Il colosso sudcoreano Samsung ha annunciato Bixby 2.0, nuova major realese del suo assistente virtuale intelligente alle ricerche; quest'ultima versione si caratterizza in particolare per il fatto che con essa Bixby smette di essere una piattaforma dedicata al solo ecosistema mobile e allarga il proprio raggio d'azione alla domotica.

Bixby è nato come alternativa a soluzioni concorrenti quali Google Assistent e Amazon Alexa e ne starebbe seguendo l'evoluzione proponendosi ora come una soluzione per le smart home. Ciò significa garantire un supporto ancora più avanzato alle interazioni vocali e la capacità di soddisfare un maggior numero di esigenze sulla base delle abitudini degli utenti.

La seconda generazione del servizio funziona come una sorta di centro direzionale dal quale si diramano tutte le istruzioni destinate agli oggetti intelligenti, e connessi, presenti all'interno di un'abitazione; quindi non soltanto lo smartphone, ma anche Smart TV, smartwatch e qualsiasi elettrodomestico sia controllabile da remoto.

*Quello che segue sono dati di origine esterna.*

lemma measure_prepare_pair_map_lower_diag:
  assumes "i < d" and "j < d" and "i \<noteq> j" and "0 \<le> \<gamma>" and "0 \<le> \<delta>"
  shows "measure_prepare d (pair_map i j 0 0 \<gamma> \<delta> 0)"
proof (rule measure_prepare_cong)
  show "measure_prepare d (\<lambda>Y a b. (if a = j \<and> b = j then of_real \<gamma> * Y i i else 0)
      + (if a = j \<and> b = j then of_real \<delta> * Y j j else 0))"
    using assms by (intro measure_prepare_add measure_prepare_diag_entry)
  show "pair_map i j 0 0 \<gamma> \<delta> 0 Y a b = (if a = j \<and> b = j then of_real \<gamma> * Y i i else 0)
      + (if a = j \<and> b = j then of_real \<delta> * Y j j else 0)" for Y a b
    using assms(3) by (auto simp: pair_map_def)
qed

lemma measure_prepare_pair_map:
  assumes "i < d" and "j < d" and "i \<noteq> j"
    and "0 \<le> \<alpha>" and "0 \<le> \<beta>" and "0 \<le> \<gamma>" and "0 \<le> \<delta>"
    and bound_\<alpha>\<delta>: "(cmod z)\<^sup>2 \<le> \<alpha> * \<delta>" and bound_\<beta>\<gamma>: "(cmod z)\<^sup>2 \<le> \<beta> * \<gamma>"
  shows "measure_prepare d (pair_map i j \<alpha> \<beta> \<gamma> \<delta> z)"
proof -
  define x y where "x = sqrt \<alpha>" and "y = sqrt \<beta>"
  define w where "w = cnj z / (2 * of_real (x * y))"
  define \<gamma>' \<delta>' where "\<gamma>' = (cmod z)\<^sup>2 / \<beta>" and "\<delta>' = (cmod z)\<^sup>2 / \<alpha>"
  \<comment> \<open>For z = 0 some divisors may vanish; as x / 0 = 0, then w = \<gamma>' = \<delta>' = 0 and tight still holds.\<close>
  have tight: "pair_map i j \<alpha> \<beta> \<gamma>' \<delta>' z
      = pair_map i j (x\<^sup>2) (y\<^sup>2) (4 * (cmod w)\<^sup>2 * x\<^sup>2) (4 * (cmod w)\<^sup>2 * y\<^sup>2) (2 * of_real (x * y) * cnj w)"
  proof (cases "z = 0")
    case True
    then show ?thesis using assms by (simp add: x_def y_def w_def \<gamma>'_def \<delta>'_def)
  next
    case False
    then have "0 < (cmod z)\<^sup>2" by simp
    then have "0 < \<alpha> * \<delta>" "0 < \<beta> * \<gamma>" using bound_\<alpha>\<delta> bound_\<beta>\<gamma> by linarith+
    then have "0 < \<alpha>" "0 < \<beta>" using assms(4-7) by (auto simp: zero_less_mult_iff)
    then show ?thesis
      by (simp add: x_def y_def w_def \<gamma>'_def \<delta>'_def norm_divide norm_mult field_simps)
  qed
  have "\<gamma>' \<le> \<gamma>" "\<delta>' \<le> \<delta>"
    using assms(4-7) bound_\<alpha>\<delta> bound_\<beta>\<gamma>
    by (auto simp: \<gamma>'_def \<delta>'_def divide_le_eq mult.commute)
  have "measure_prepare d (\<lambda>Y a b. pair_map i j \<alpha> \<beta> \<gamma>' \<delta>' z Y a b
      + pair_map i j 0 0 (\<gamma> - \<gamma>') (\<delta> - \<delta>') 0 Y a b)"
    using assms(1-3) \<open>\<gamma>' \<le> \<gamma>\<close> \<open>\<delta>' \<le> \<delta>\<close>
    unfolding tight by (intro measure_prepare_add measure_prepare_pair_map_tight measure_prepare_pair_map_lower_diag) auto
  then show ?thesis
    by (rule measure_prepare_cong) (simp add: pair_map_split[symmetric])
qed

lemma sum_pairs_incident:
  fixes g :: "nat \<Rightarrow> 'a::comm_monoid_add"
  assumes "a < d"
  shows "(\<Sum>j<d. \<Sum>i<j. (if a = i then g j else 0) + (if a = j then g i else 0))
    = (\<Sum>k\<in>{..<d} - {a}. g k)"
proof -
  have "(\<Sum>j<d. \<Sum>i<j. if a = i then g j else 0) = (\<Sum>j<d. if a < j then g j else 0)"
    by (intro sum.cong refl) simp
  also have "\<dots> = (\<Sum>k\<in>{a<..<d}. g k)"
    by (simp add: sum.inter_filter[symmetric]) (intro sum.cong refl; auto)
  finally have upper: "(\<Sum>j<d. \<Sum>i<j. if a = i then g j else 0) = (\<Sum>k\<in>{a<..<d}. g k)" .
  have "(\<Sum>j<d. \<Sum>i<j. if a = j then g i else 0) = (\<Sum>j<d. if a = j then (\<Sum>i<j. g i) else 0)"
    by (intro sum.cong refl) simp
  then have lower: "(\<Sum>j<d. \<Sum>i<j. if a = j then g i else 0) = (\<Sum>k<a. g k)"
    using assms by simp
  have "{..<d} - {a} = {..<a} \<union> {a<..<d}" using assms by auto
  then have "(\<Sum>k\<in>{..<d} - {a}. g k) = (\<Sum>k\<in>{..<a} \<union> {a<..<d}. g k)" by simp
  also have "\<dots> = (\<Sum>k<a. g k) + (\<Sum>k\<in>{a<..<d}. g k)" by (rule sum.union_disjoint) auto
  finally show ?thesis unfolding sum.distrib upper lower by (simp add: add.commute)
qed

lemma sum_pairs_point:
  fixes f :: "nat \<Rightarrow> nat \<Rightarrow> 'a::comm_monoid_add"
  assumes "a < d" and "b < d"
  shows "(\<Sum>j<d. \<Sum>i<j. if a = i \<and> b = j then f i j else 0) = (if a < b then f a b else 0)"
proof -
  have "(\<Sum>j<d. \<Sum>i<j. if a = i \<and> b = j then f i j else 0)
      = (\<Sum>j<d. if b = j then (\<Sum>i<j. if a = i then f i j else 0) else 0)"
    by (intro sum.cong refl) auto
  also have "\<dots> = (\<Sum>i<b. if a = i then f i b else 0)"
    using assms by (simp only: sum.delta' finite_lessThan lessThan_iff if_True)
  finally show ?thesis by simp
qed

lemma Phi2_eq_sum_pair_maps:
  fixes M L :: "nat \<Rightarrow> nat \<Rightarrow> real" and N :: cmat
  assumes "a < d" and "b < d"
    and hermitian: "\<And>i j. i < d \<Longrightarrow> j < d \<Longrightarrow> i \<noteq> j \<Longrightarrow> N j i = cnj (N i j)"
  shows "Phi2 d (\<lambda>a m. of_real (M a m)) N Y a b
    = (\<Sum>j<d. \<Sum>i<j. pair_map i j (L i j) (M i j) (M j i) (L j i) (N i j) Y a b)
    + (\<Sum>n<d. if a = n \<and> b = n then of_real (M n n - (\<Sum>k\<in>{..<d} - {n}. L n k)) * Y n n else 0)"
proof (cases "a = b")
  case True
  let ?g = "\<lambda>k. of_real (L a k) * Y a a + of_real (M a k) * Y k k"
  have "(\<Sum>j<d. \<Sum>i<j. pair_map i j (L i j) (M i j) (M j i) (L j i) (N i j) Y a a)
      = (\<Sum>j<d. \<Sum>i<j. (if a = i then ?g j else 0) + (if a = j then ?g i else 0))"
    by (intro sum.cong refl) (auto simp: pair_map_diag)
  also have "\<dots> = (\<Sum>k\<in>{..<d} - {a}. ?g k)"
    using \<open>a < d\<close> by (rule sum_pairs_incident)
  also have "\<dots> = of_real (\<Sum>k\<in>{..<d} - {a}. L a k) * Y a a + (\<Sum>k\<in>{..<d} - {a}. of_real (M a k) * Y k k)"
    by (simp add: sum.distrib sum_distrib_right)
  finally show ?thesis
    using True \<open>a < d\<close> by (simp add: Phi2_def sum.remove[of "{..<d}" a] algebra_simps)
next
  case False
  have "(\<Sum>j<d. \<Sum>i<j. pair_map i j (L i j) (M i j) (M j i) (L j i) (N i j) Y a b)
      = (\<Sum>j<d. \<Sum>i<j. if a = i \<and> b = j then N i j * Y a b else 0)
      + (\<Sum>j<d. \<Sum>i<j. if b = i \<and> a = j then cnj (N i j) * Y a b else 0)"
    using False by (simp add: pair_map_off_diag sum.distrib conj_commute)
  also have "\<dots> = N a b * Y a b"
    using False \<open>a < d\<close> \<open>b < d\<close> hermitian[of b a] by (simp only: sum_pairs_point) auto
  finally have "(\<Sum>j<d. \<Sum>i<j. pair_map i j (L i j) (M i j) (M j i) (L j i) (N i j) Y a b) = N a b * Y a b" .
  moreover have "(\<Sum>n<d. if a = n \<and> b = n then of_real (M n n - (\<Sum>k\<in>{..<d} - {n}. L n k)) * Y n n else 0) = 0"
    using False by (intro sum.neutral) auto
  ultimately show ?thesis using False by (simp add: Phi2_def)
qed

lemma measure_prepare_Phi2:
  fixes M L :: "nat \<Rightarrow> nat \<Rightarrow> real" and N :: cmat
  assumes L_nonneg: "\<And>i j. i < d \<Longrightarrow> j < d \<Longrightarrow> i \<noteq> j \<Longrightarrow> 0 \<le> L i j"
    and M_nonneg: "\<And>i j. i < d \<Longrightarrow> j < d \<Longrightarrow> i \<noteq> j \<Longrightarrow> 0 \<le> M i j"
    and diag_bound: "\<And>a. a < d \<Longrightarrow> (\<Sum>k\<in>{..<d} - {a}. L a k) \<le> M a a"
    and hermitian: "\<And>i j. i < d \<Longrightarrow> j < d \<Longrightarrow> i \<noteq> j \<Longrightarrow> N j i = cnj (N i j)"
    and bound_L: "\<And>i j. i < d \<Longrightarrow> j < d \<Longrightarrow> i \<noteq> j \<Longrightarrow> (cmod (N i j))\<^sup>2 \<le> L i j * L j i"
    and bound_M: "\<And>i j. i < d \<Longrightarrow> j < d \<Longrightarrow> i \<noteq> j \<Longrightarrow> (cmod (N i j))\<^sup>2 \<le> M i j * M j i"
  shows "measure_prepare d (Phi2 d (\<lambda>a m. of_real (M a m)) N)"
proof (rule measure_prepare_cong)
  show "measure_prepare d (\<lambda>Y a b.
      (\<Sum>j<d. \<Sum>i<j. pair_map i j (L i j) (M i j) (M j i) (L j i) (N i j) Y a b)
    + (\<Sum>n<d. if a = n \<and> b = n then of_real (M n n - (\<Sum>k\<in>{..<d} - {n}. L n k)) * Y n n else 0))"
    by (intro measure_prepare_add measure_prepare_sum measure_prepare_pair_map measure_prepare_diag_entry)
      (auto simp: L_nonneg M_nonneg bound_L bound_M diag_bound)
qed (rule Phi2_eq_sum_pair_maps[OF _ _ hermitian])

section \<open>Consequences of complete positivity\<close>

definition choi_bounds :: "nat \<Rightarrow> cmat \<Rightarrow> cmat \<Rightarrow> bool" where
  "choi_bounds d A B \<longleftrightarrow>
     (\<forall>i<d. \<forall>j<d. 0 \<le> A i j) \<and>
     (\<forall>i<d. \<forall>j<d. i \<noteq> j \<longrightarrow> B j i = cnj (B i j)) \<and>
     (\<forall>i<d. \<forall>j<d. i \<noteq> j \<longrightarrow> (cmod (B i j))\<^sup>2 \<le> Re (A i i) * Re (A j j)) \<and>
     (\<forall>i<d. \<forall>j<d. i \<noteq> j \<longrightarrow> (cmod (B i j))\<^sup>2 \<le> Re (A i j) * Re (A j i))"

lemma choi_boundsD:
  assumes "choi_bounds d A B" and "i < d" and "j < d"
  shows "0 \<le> A i j"
    and "i \<noteq> j \<Longrightarrow> B j i = cnj (B i j)"
    and "i \<noteq> j \<Longrightarrow> (cmod (B i j))\<^sup>2 \<le> Re (A i i) * Re (A j j)"
    and "i \<noteq> j \<Longrightarrow> (cmod (B i j))\<^sup>2 \<le> Re (A i j) * Re (A j i)"
  using assms unfolding choi_bounds_def by blast+

lemma choi_bounds_transp:
  assumes "choi_bounds d A B"
  shows "choi_bounds d A (transp B)"
  unfolding choi_bounds_def transp_def
proof (intro conjI allI impI)
  fix i j assume ij: "i < d" "j < d"
  then show "0 \<le> A i j" by (rule choi_boundsD(1)[OF assms])
  assume "i \<noteq> j"
  then show "B i j = cnj (B j i)" "(cmod (B j i))\<^sup>2 \<le> Re (A i i) * Re (A j j)"
      "(cmod (B j i))\<^sup>2 \<le> Re (A i j) * Re (A j i)"
    using choi_boundsD(2-4)[OF assms ij(2,1)] by (simp_all add: mult.commute)
qed

definition max_entangled :: "nat \<times> nat \<Rightarrow> nat \<times> nat \<Rightarrow> complex" where
  "max_entangled = (\<lambda>(i, a) (j, b). if i = a \<and> j = b then 1 else 0)"

lemma psd_on_max_entangled: "psd_on I max_entangled"
proof -
  have "max_entangled = (\<lambda>p p'. (if fst p = snd p then 1 else 0) * cnj (if fst p' = snd p' then 1 else 0))"
    by (auto simp: max_entangled_def fun_eq_iff)
  show ?thesis unfolding \<open>max_entangled = _\<close> by (rule psd_on_rank_one)
qed

lemma ampl_max_entangled:
  assumes "i < d" and "j < d"
  shows "ampl d \<Phi> max_entangled (i, a) (j, b) = \<Phi> (\<lambda>e c. if e = i \<and> c = j then 1 else 0) a b"
proof -
  have "(\<lambda>e c. if e < d \<and> c < d then max_entangled (i, e) (j, c) else 0) = (\<lambda>e c. if e = i \<and> c = j then 1 else 0)"
    using assms by (auto simp: max_entangled_def fun_eq_iff)
  then show ?thesis by (simp add: ampl_def)
qed

lemma sum_mult_matrix_unit_diag:
  fixes A :: cmat
  assumes "i < d"
  shows "(\<Sum>k<d. A a k * (if k = i \<and> k = j then 1 else 0)) = (if i = j then A a i else 0)"
proof -
  have "A a k * (if k = i \<and> k = j then 1 else 0) = (if k = i \<and> i = j then A a k else 0)" for k
    by auto
  then show ?thesis using assms by simp
qed

lemma ampl_Phi1_max_entangled:
  assumes "i < d" and "j < d"
  shows "ampl d (Phi1 d A B) max_entangled (i, a) (j, b)
    = (if a = b then (if i = j then A a i else 0) else if a = j \<and> b = i then B a b else 0)"
  using assms by (auto simp: ampl_max_entangled Phi1_def sum_mult_matrix_unit_diag)

lemma ampl_Phi2_max_entangled:
  assumes "i < d" and "j < d"
  shows "ampl d (Phi2 d A B) max_entangled (i, a) (j, b)
    = (if a = b then (if i = j then A a i else 0) else if a = i \<and> b = j then B a b else 0)"
  using assms by (auto simp: ampl_max_entangled Phi2_def sum_mult_matrix_unit_diag)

Per incentivare quanto più possibile l'utilizzo di Bixby 2.0 la casa madre ha deciso di chiamare a raccolta gli sviluppatori di terze parti, cosa che accade già da tempo con le soluzioni di Seattle e Mountain View. A questo scopo verrà distribuito un apposito SDK (Software Development Kit) attualmente in fase di betatest.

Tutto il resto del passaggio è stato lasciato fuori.